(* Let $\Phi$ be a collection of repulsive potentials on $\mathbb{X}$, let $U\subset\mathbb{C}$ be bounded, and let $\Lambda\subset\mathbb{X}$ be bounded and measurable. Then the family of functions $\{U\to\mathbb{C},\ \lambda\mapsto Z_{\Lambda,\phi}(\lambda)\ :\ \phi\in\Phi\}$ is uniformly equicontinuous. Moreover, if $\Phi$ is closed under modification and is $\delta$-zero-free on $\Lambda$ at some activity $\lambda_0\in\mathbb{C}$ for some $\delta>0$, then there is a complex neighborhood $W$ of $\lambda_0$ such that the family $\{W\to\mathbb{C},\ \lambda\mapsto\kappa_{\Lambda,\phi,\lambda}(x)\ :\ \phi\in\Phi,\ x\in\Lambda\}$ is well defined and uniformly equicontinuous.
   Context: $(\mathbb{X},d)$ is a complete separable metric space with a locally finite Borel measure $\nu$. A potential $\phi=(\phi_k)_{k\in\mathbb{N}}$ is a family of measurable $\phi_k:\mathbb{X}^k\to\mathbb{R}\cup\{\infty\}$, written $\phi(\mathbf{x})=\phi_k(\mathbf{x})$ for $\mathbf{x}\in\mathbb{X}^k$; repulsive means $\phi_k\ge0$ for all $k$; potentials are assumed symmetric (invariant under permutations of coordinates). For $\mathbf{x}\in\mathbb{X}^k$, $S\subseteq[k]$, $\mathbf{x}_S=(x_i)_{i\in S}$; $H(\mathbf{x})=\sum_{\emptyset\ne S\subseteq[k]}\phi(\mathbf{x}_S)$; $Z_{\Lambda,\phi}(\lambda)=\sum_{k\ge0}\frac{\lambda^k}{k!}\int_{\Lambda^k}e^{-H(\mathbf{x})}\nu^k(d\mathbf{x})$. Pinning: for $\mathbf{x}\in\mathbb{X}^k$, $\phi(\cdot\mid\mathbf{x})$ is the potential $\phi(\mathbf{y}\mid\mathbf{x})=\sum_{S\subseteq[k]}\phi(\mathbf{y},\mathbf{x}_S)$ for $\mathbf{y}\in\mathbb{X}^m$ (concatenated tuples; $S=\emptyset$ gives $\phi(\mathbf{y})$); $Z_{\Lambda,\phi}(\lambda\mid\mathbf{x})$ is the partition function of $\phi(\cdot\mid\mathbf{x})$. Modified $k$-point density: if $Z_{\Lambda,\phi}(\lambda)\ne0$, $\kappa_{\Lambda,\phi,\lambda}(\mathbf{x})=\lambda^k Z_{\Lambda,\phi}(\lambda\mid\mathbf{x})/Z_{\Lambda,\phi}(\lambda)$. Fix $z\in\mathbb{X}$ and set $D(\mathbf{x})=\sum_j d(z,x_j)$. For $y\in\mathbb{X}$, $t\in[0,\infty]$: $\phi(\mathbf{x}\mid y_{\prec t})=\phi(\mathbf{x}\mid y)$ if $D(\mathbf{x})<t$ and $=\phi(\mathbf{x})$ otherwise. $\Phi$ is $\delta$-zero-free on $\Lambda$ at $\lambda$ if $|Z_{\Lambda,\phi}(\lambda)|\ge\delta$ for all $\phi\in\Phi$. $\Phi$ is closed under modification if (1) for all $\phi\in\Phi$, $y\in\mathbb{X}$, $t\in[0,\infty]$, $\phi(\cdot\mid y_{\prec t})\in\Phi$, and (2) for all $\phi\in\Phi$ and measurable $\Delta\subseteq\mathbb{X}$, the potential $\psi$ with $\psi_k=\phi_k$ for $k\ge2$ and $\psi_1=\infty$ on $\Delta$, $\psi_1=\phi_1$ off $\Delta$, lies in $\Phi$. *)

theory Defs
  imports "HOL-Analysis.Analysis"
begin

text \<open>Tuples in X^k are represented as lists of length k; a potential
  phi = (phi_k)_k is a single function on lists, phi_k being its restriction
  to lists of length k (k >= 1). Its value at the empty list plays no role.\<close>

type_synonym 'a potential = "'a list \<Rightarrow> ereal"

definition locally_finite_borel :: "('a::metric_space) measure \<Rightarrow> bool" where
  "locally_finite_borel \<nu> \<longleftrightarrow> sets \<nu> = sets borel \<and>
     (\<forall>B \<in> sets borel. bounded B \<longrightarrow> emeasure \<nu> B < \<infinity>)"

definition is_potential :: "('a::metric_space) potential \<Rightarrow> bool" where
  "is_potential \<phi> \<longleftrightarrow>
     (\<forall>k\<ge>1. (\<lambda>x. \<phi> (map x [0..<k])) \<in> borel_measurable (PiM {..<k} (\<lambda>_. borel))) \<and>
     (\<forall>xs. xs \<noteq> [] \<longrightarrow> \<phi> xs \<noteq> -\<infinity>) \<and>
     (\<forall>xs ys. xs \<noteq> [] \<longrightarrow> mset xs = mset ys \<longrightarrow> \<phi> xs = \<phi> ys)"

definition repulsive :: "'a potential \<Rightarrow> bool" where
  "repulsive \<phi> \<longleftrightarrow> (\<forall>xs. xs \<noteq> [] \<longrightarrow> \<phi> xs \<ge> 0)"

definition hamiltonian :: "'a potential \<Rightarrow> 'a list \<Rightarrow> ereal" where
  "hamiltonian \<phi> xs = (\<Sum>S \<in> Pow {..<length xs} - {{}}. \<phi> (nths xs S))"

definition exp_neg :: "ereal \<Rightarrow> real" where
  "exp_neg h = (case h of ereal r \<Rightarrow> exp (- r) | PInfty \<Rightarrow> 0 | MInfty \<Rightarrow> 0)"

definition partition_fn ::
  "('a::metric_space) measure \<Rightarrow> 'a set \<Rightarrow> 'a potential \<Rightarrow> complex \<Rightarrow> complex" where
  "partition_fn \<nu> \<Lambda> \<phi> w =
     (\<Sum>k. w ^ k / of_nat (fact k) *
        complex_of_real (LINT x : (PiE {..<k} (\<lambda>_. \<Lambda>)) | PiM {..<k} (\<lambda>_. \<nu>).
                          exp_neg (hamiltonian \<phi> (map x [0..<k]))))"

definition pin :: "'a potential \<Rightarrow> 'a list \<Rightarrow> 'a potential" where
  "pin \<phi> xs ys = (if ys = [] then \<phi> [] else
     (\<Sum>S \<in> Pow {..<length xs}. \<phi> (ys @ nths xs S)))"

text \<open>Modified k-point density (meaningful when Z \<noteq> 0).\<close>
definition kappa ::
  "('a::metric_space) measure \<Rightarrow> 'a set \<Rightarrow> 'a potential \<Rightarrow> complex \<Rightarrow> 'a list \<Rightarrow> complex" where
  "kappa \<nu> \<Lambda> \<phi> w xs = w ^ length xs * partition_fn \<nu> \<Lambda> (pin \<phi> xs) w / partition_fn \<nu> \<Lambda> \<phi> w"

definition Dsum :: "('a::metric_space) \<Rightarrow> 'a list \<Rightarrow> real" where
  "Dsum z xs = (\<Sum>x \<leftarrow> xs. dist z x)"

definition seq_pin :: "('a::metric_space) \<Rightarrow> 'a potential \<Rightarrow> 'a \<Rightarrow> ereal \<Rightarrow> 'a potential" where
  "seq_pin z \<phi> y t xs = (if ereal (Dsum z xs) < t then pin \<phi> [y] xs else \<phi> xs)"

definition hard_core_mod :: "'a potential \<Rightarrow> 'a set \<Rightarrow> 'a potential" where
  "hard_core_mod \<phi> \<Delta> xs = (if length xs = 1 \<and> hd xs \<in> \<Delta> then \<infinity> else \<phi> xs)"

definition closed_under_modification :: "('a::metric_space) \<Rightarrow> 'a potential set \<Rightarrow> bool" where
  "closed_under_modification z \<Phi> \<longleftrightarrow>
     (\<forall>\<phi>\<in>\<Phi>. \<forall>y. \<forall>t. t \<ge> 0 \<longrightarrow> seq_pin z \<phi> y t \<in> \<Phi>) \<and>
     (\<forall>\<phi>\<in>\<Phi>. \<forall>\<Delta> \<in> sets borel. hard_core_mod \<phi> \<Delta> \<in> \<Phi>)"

EXERCISE PROMPT: Where a line of the data above includes "Dsum", copy that line.

TASK RESULT:
definition Dsum :: "('a::metric_space) \<Rightarrow> 'a list \<Rightarrow> real" where
  "Dsum z xs = (\<Sum>x \<leftarrow> xs. dist z x)"
  "seq_pin z \<phi> y t xs = (if ereal (Dsum z xs) < t then pin \<phi> [y] xs else \<phi> xs)"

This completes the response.